Table 1: 13C and 1H Chemical Shift of N16C Film Compared to Literature Values for Random Coil, β-Strand, and α-Helix Chemical Shiftsa,92
Besides the two solid-phase Ala environments that are visible only in CP-based experiments, we also observed a third Ala conformation that belongs to the mobile segments appearing primarily in the HSQC spectra. Based on its Cα: 50.4 ppm and Cβ: 16.8 ppm chemical shifts, this solubilized Ala is likely part of a loop or β turn-like structure,^19^ while the ^1^H^N^: 8.0–8.3 ppm and ^15^N: 123.3 ppm suggest a random coil conformation. In the solid-state ^1^H–^13^C HSQC spectrum, not only the fully solubilized Ala signals emerge but also the Hβ/Cβ peak of the α-helical Ala (red triangle in Figure 5), suggesting that the α-helical segments are in direct contact with the surrounding water and their methyl side-chains protrude into the solvent, while their backbones are still part of the rigid core (the Hα/Cα peak of the α-helical Ala did not appear in the HSQC spectrum).
Previous reports on native dragline silks suggested that the secondary structure of Gly in the soft segments forms disordered 3_1_-helices^24,25^ or elastin-like type II β-turns (in the GPGXX units in MaSp2 proteins),^19^ while a smaller fraction of Gly that flanks the poly(A) segments is part of the β-nanocrystals and found in an extended β-sheet conformation.^19,25,31^ In our hydrated film sample, we observed two Gly environments in the CP-based spectra, where the resonance frequencies of the two states differ both in their chemical shifts and line widths. A smaller fraction with heterogeneously broadened peaks (^13^Cα line width 3.3 ppm, ^1^Hα line width: 0.8 ppm) appears at CO: 171.7 ppm, Cα: 42.3 ppm, Hα: 3.44 ppm and a larger fraction with narrower line width (^13^Cα line width: 1.6 ppm, ^1^Hα line width 0.7 ppm) at CO: 169.4 ppm, Cα: 42.9 ppm, Hα: 3.94 ppm. The former set of resonances resembles the values of a random coil or the shifts of 3_1_-helices, while the latter set of shifts is more indicative of an extended conformation. In the ^1^H–^13^C HSQC spectrum (Figure 5 purple spectrum), the Gly Cα/Hα peak appears close to the resonance frequency of the major Gly Cα/Hα of the CP-based HCH spectrum, suggesting a chemical environment that is similar in both solubilized and solidified film parts. In the HCH spectrum, a strong cross-peak between the Gly Cα and Ala Hα in β-sheet (blue star in Figure 5) reveals spatial proximity between Gly in extended conformation and Ala in β-sheets. The intensity of the cross-peak suggests that it is not just a sequential cross-peak (there is only one occasion of an Ala–Gly neighbor in the repeat sequence) but rather indicates that a substantial part of the Gly-rich segment is incorporated in the β-nanocrystals.

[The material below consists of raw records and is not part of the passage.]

lemma perfect_2_matching_block_decomposition:
  assumes "perfect_2_matching n E H" "E \<subseteq> edges_on n"
  shows "\<exists>S \<B>. block_decomposition E {0..<n} S \<B>"
proof -
  have HE: "H \<subseteq> E" and comps: "\<forall>v<n. is_K2_comp H (comp H v) \<or> is_odd_cycle_comp H (comp H v)"
    using assms(1) unfolding perfect_2_matching_def by auto
  define \<C> where "\<C> = comp H ` {0..<n}"
  define K where "K = {C \<in> \<C>. is_K2_comp H C}"
  have pw: "pairwise disjnt \<C>" unfolding \<C>_def by (rule pairwise_disjnt_comp)
  have V: "\<Union>\<C> = {0..<n}" unfolding \<C>_def using Union_comp[OF subset_trans[OF HE assms(2)]] .
  have "C \<in> H" if C: "C \<in> K" for C
  proof -
    obtain u v where "C = {u, v}" "{e \<in> H. e \<subseteq> C} = {{u, v}}"
      using C unfolding K_def is_K2_comp_def by auto
    then show ?thesis by auto
  qed
  then have "perfect_matching_on E (\<Union>K) K"
    using HE pairwise_subset[OF pw] unfolding perfect_matching_on_def K_def by auto
  then have "matchable E (\<Union>K)" unfolding matchable_def by auto
  moreover have "\<forall>B\<in>\<C> - K. near_matchable E B"
    using comps odd_cycle_comp_near_matchable[OF HE] unfolding \<C>_def K_def by auto
  moreover have "pairwise disjnt (\<C> - K)" using pw by (rule pairwise_subset) auto
  moreover have "\<Union>K \<inter> \<Union>(\<C> - K) = {}"
    using pairwiseD[OF pw] unfolding K_def disjnt_def by auto
  moreover have "\<Union>K \<union> \<Union>(\<C> - K) = {0..<n}" using V unfolding K_def by auto
  ultimately have "block_decomposition E {0..<n} (\<Union>K) (\<C> - K)"
    unfolding block_decomposition_def by simp
  then show ?thesis by auto
qed

lemma comp_matching_edge:
  assumes "pairwise disjnt M" "M \<subseteq> edges_on n" "e \<in> M" "v \<in> e"
  shows "comp M v = e"
proof
  show "comp M v \<subseteq> e"
  proof
    fix u assume "u \<in> comp M v"
    then have "(adj M)\<^sup>*\<^sup>* v u" unfolding comp_def by simp
    then show "u \<in> e"
    proof (induction rule: rtranclp_induct)
      case base
      then show ?case using assms(4) .
    next
      case (step y z)
      then have "{y, z} \<in> M" unfolding adj_def by simp
      then have "{y, z} = e"
        using pairwiseD[OF assms(1) _ assms(3)] step.IH by (metis disjnt_iff insertI1)
      then show ?case by auto
    qed
  qed
  obtain w where "e = {v, w}"
    using assms(2-4) unfolding edges_on_def by auto
  then have "adj M v w" unfolding adj_def using assms(3) by simp
  then show "e \<subseteq> comp M v" using \<open>e = {v, w}\<close> unfolding comp_def by auto
qed

lemma matching_edge_is_K2_comp:
  assumes "pairwise disjnt M" "M \<subseteq> edges_on n" "e \<in> M"
  shows "is_K2_comp M e"
proof -
  obtain u v where e: "e = {u, v}" "u \<noteq> v"
    using assms(2,3) unfolding edges_on_def by auto
  have "e' = e" if "e' \<in> M" "e' \<subseteq> e" for e'
  proof -
    have "e' \<noteq> {}" using that(1) assms(2) unfolding edges_on_def by auto
    then have "\<not> disjnt e' e" using that(2) unfolding disjnt_def by auto
    then show ?thesis using pairwiseD[OF assms(1) that(1) assms(3)] by auto
  qed
  then have "{e' \<in> M. e' \<subseteq> e} = {e}" using assms(3) by auto
  then show ?thesis unfolding is_K2_comp_def using e by auto
qed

Besides the Ala and Gly resonances, we tentatively assigned the ^13^C and ^1^Hα resonances of most other amino acids in the repetitive core based on their chemical shifts and expected CC connectivities (Figure 5). These resonances along with the typical α-helical, β-strand, and random coil conformations^92^ as well as the chemical shifts of the silk protein from the N. clavipes, A. aurantia, and L. hesperus major ampullate gland,^64,90^ and dragline fiber^19,22,31,63,65^ are tabulated in Table 1. Note that many peaks of the repetitive core were broadened beyond detection in the ^1^H–^13^C HSQC spectrum either due to ms−μs time-scale exchange processes or residual anisotropic interactions. The affected amino acids include the Hα/Cα and/or Hβ/Cβ resonances of Tyr, Ser, Val, Leu, and Arg. The observed chemical shifts in the HSQC spectrum are between the values of the solid shifts and the shifts of the dragline silk proteins of the major ampullate gland of N. clavipes, indicating that regardless of their high mobility, the solubilized segments retain some of their solid-state secondary structure.
Solid-State Dynamics of
N16C Film
We gained the first insight into the hydration-induced chain dynamics of N16C film by comparing four 1D ^13^C spectra (Figure 6). These included two spectra recorded with direct ^13^C excitation (DD) with short (1 s) and long (25 s) recycle delay and two spectra with ^1^H excitation followed by either ^1^H–^13^C CP or refocused INEPT (r-INEPT) transfer steps. Figure 6A shows the overlay of the two DD spectra, while Figure 6B compares the CP MAS and r-INEPT spectra. In the DD spectra, the relative increase in peak intensity in the spectrum with short delay indicates residues with increased mobility on the ns time scale. In CP MAS spectra, the signal intensities of the immobile nuclei are relatively enhanced with respect to the ones with fast (ns) or intermediate (μs) time-scale of motion due to strong anisotropic dipolar coupling. In contrast, the r-INEPT spectrum selectively displays the mobile segments with fast isotropic motion.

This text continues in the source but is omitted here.